§ **Data for the task**:
(* Let $\mu$ be a single-group classification problem, $f^*(x)=\mathbb E_\mu[Y\mid X=x]$, $r^*:=f^*\sharp\mu^X$, and fix $q\in\mathcal Q_k$. (i) For every randomized classifier $h:\mathcal X\to\mathcal Y$ with Markov kernel $K$ and $h\sharp\mu^X=q$, the measure $\gamma$ on $\Delta_k\times\mathcal Y$ defined by $\gamma(B\times\{y\})=\int_{(f^* )^{-1}(B)}K(x,\{y\})\,d\mu^X(x)$ belongs to $\Gamma(r^*,q)$ and $$\mathrm{Err}(h)=\frac12\int_{\Delta_k\times\mathcal Y}\|s-y\|_1\,d\gamma(s,y).$$ (ii) Conversely, for every $\gamma\in\Gamma(r^*,q)$, letting $\gamma(\cdot\mid s)$ denote a regular conditional distribution (disintegration) of $\gamma$ with respect to its first marginal, the randomized classifier $h$ with kernel $K(x,B)=\gamma(B\mid f^*(x))$ satisfies $h\sharp\mu^X=q$ and $\mathrm{Err}(h)=\frac12\int_{\Delta_k\times\mathcal Y}\|s-y\|_1\,d\gamma(s,y)$.
   Context: Single-group setting. $\mathcal X$ is a standard Borel space, $k\ge2$, $\mathcal Y=\{e_1,\dots,e_k\}\subset\mathbb R^k$ the standard basis vectors, $\Delta_k=\{x\in\mathbb R^k:x\ge0,\sum_ix_i=1\}$. $\mu$ is a probability distribution of $(X,Y)$ on $\mathcal X\times\mathcal Y$, $\mu^X$ the law of $X$, and $f^*(x)=\mathbb E_\mu[Y\mid X=x]\in\Delta_k$ is the Bayes regressor. A randomized classifier $h:\mathcal X\to\mathcal Y$ is given by a Markov kernel $K$ with $\mathbb P(h(x)\in B)=K(x,B)$, its randomness independent of $(X,Y)$; $h\sharp\mu^X(B)=\int K(x,B)\,d\mu^X(x)$, $f^*\sharp\mu^X$ is the law of $f^*(X)$, and $\mathrm{Err}(h)=\mathbb P(h(X)\neq Y)$. $\mathcal Q_k$ is the set of probability distributions supported on $\mathcal Y$, and $\Gamma(p,q)$ the set of couplings of $p$ and $q$. *)

theory Defs
  imports "HOL-Probability.Probability"
begin

text \<open>Labels: the finite type 'k indexes the standard basis vectors e_i of R^k.\<close>

definition onehot :: "'k::finite \<Rightarrow> real^'k" where
  "onehot i = axis i 1"

definition prob_simplex :: "(real^'k::finite) set" where
  "prob_simplex = {s. (\<forall>i. 0 \<le> s $ i) \<and> (\<Sum>i\<in>UNIV. s $ i) = 1}"

definition l1dist :: "real^'k::finite \<Rightarrow> real^'k \<Rightarrow> real" where
  "l1dist s y = (\<Sum>i\<in>UNIV. \<bar>s $ i - y $ i\<bar>)"

text \<open>Markov kernel from X to the finite label set: K x j = K(x,{e_j}).\<close>
definition markov_kernel_fin :: "'x measure \<Rightarrow> ('x \<Rightarrow> 'k::finite \<Rightarrow> real) \<Rightarrow> bool" where
  "markov_kernel_fin M K \<longleftrightarrow>
     (\<forall>j. (\<lambda>x. K x j) \<in> borel_measurable M) \<and>
     (\<forall>x j. 0 \<le> K x j) \<and> (\<forall>x. (\<Sum>j\<in>UNIV. K x j) = 1)"

definition pushforward_eq :: "'x measure \<Rightarrow> ('x \<Rightarrow> 'k::finite \<Rightarrow> real) \<Rightarrow> 'k pmf \<Rightarrow> bool" where
  "pushforward_eq MX K q \<longleftrightarrow> (\<forall>j. (\<integral>x. K x j \<partial>MX) = pmf q j)"

text \<open>Err(h) = P(h(X) \<noteq> Y), with the randomness of h independent of (X,Y).\<close>
definition err :: "('x \<times> 'k::finite) measure \<Rightarrow> ('x \<Rightarrow> 'k \<Rightarrow> real) \<Rightarrow> real" where
  "err \<mu> K = (\<integral>(x,y). (\<Sum>j\<in>UNIV - {y}. K x j) \<partial>\<mu>)"

definition couplings :: "'a measure \<Rightarrow> 'b measure \<Rightarrow> ('a \<times> 'b) measure set" where
  "couplings p q = {\<gamma>. sets \<gamma> = sets (p \<Otimes>\<^sub>M q) \<and>
                       distr \<gamma> p fst = p \<and> distr \<gamma> q snd = q}"

definition half_l1_cost :: "((real^'k::finite) \<times> 'k) measure \<Rightarrow> real" where
  "half_l1_cost \<gamma> = (1/2) * (\<integral>(s,j). l1dist s (onehot j) \<partial>\<gamma>)"

end

theory Submission
  imports Defs
begin

(* Conditionally on X = x, the label Y has law f*(x) and the prediction h(x) has law K(x,.),
   independently, so P(h(X) ~= Y | X = x) = sum_i f*_i(x) sum_{j ~= i} K(x,j).
   On the transport side ||s - e_y||_1 = 2 sum_{i ~= y} s_i on the simplex, and the y-slice of the
   coupling gamma is the image of K(x,y) dP_X(x) under f*; integrating the cost slice by slice gives
   the same expression. Conversely, a disintegration kappa of a coupling yields the kernel
   kappa o f*, whose joint law with f* is again gamma. *)

lemma nonneg_sum_eq_1_le_1:
  fixes p :: "'k::finite \<Rightarrow> real"
  assumes "\<And>i. 0 \<le> p i" "(\<Sum>i\<in>UNIV. p i) = 1"
  shows "p j \<le> 1"
  using member_le_sum[of j UNIV p] assms by simp

lemma emeasure_density_eq_integral:
  fixes f :: "'a \<Rightarrow> real"
  assumes f: "integrable M f" "\<And>x. 0 \<le> f x" and A: "A \<in> sets M"
  shows "emeasure (density M f) A = ennreal (\<integral>x. indicator A x * f x \<partial>M)"
proof -
  have "emeasure (density M f) A = (\<integral>\<^sup>+x. ennreal (f x * indicator A x) \<partial>M)"
    using f A by (subst emeasure_density) (auto intro!: nn_integral_cong simp: indicator_def)
  also have "\<dots> = ennreal (\<integral>x. f x * indicator A x \<partial>M)"
    using f A by (intro nn_integral_eq_integral integrable_real_mult_indicator) auto
  finally show ?thesis by (simp add: mult.commute)
qed

lemma nn_integral_slice:
  fixes M :: "('a \<times> 'b) measure"
  assumes sets_M: "sets M = sets (A \<Otimes>\<^sub>M count_space UNIV)" and sets_N: "sets N = sets A"
    and slice: "\<And>B. B \<in> sets A \<Longrightarrow> emeasure M (B \<times> {y}) = emeasure N B"
    and g: "g \<in> borel_measurable A"
  shows "(\<integral>\<^sup>+z. g (fst z) * indicator {y} (snd z) \<partial>M) = (\<integral>\<^sup>+s. g s \<partial>N)"
proof -
  have fst: "fst \<in> M \<rightarrow>\<^sub>M A" and snd: "snd \<in> M \<rightarrow>\<^sub>M count_space UNIV"
    by (simp_all add: measurable_cong_sets[OF sets_M refl])
  have ind: "(\<lambda>z. indicator {y} (snd z) :: ennreal) \<in> borel_measurable M"
    using measurable_compose[OF snd, of "indicator {y}" borel] by simp
  define D where "D = density M (\<lambda>z. indicator {y} (snd z))"
  have "distr D A fst = N"
  proof (rule measure_eqI)
    fix B assume "B \<in> sets (distr D A fst)"
    then have B: "B \<in> sets A" by simp
    have "emeasure (distr D A fst) B = emeasure D (fst -` B \<inter> space M)"
      using fst B by (simp add: D_def emeasure_distr)
    also have "\<dots> = (\<integral>\<^sup>+z. indicator (B \<times> {y}) z \<partial>M)"
      using measurable_sets[OF fst B] ind sets_eq_imp_space_eq[OF sets_M] unfolding D_def
      by (subst emeasure_density)
         (auto intro!: nn_integral_cong simp: space_pair_measure indicator_def dest: sets.sets_into_space)
    also have "\<dots> = emeasure N B"
      using B sets_M slice by simp
    finally show "emeasure (distr D A fst) B = emeasure N B" .
  qed (simp add: sets_N)
  then have "(\<integral>\<^sup>+s. g s \<partial>N) = (\<integral>\<^sup>+z. g (fst z) \<partial>D)"
    using fst g unfolding D_def by (auto intro: nn_integral_distr)
  also have "\<dots> = (\<integral>\<^sup>+z. g (fst z) * indicator {y} (snd z) \<partial>M)"
    using g fst ind unfolding D_def by (subst nn_integral_density) (auto simp: mult.commute)
  finally show ?thesis ..
qed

§ **Task goal**: What lines of the listing above hold "imports"? Copy all of them.

§ **Response below**:
  imports "HOL-Probability.Probability"
  imports Defs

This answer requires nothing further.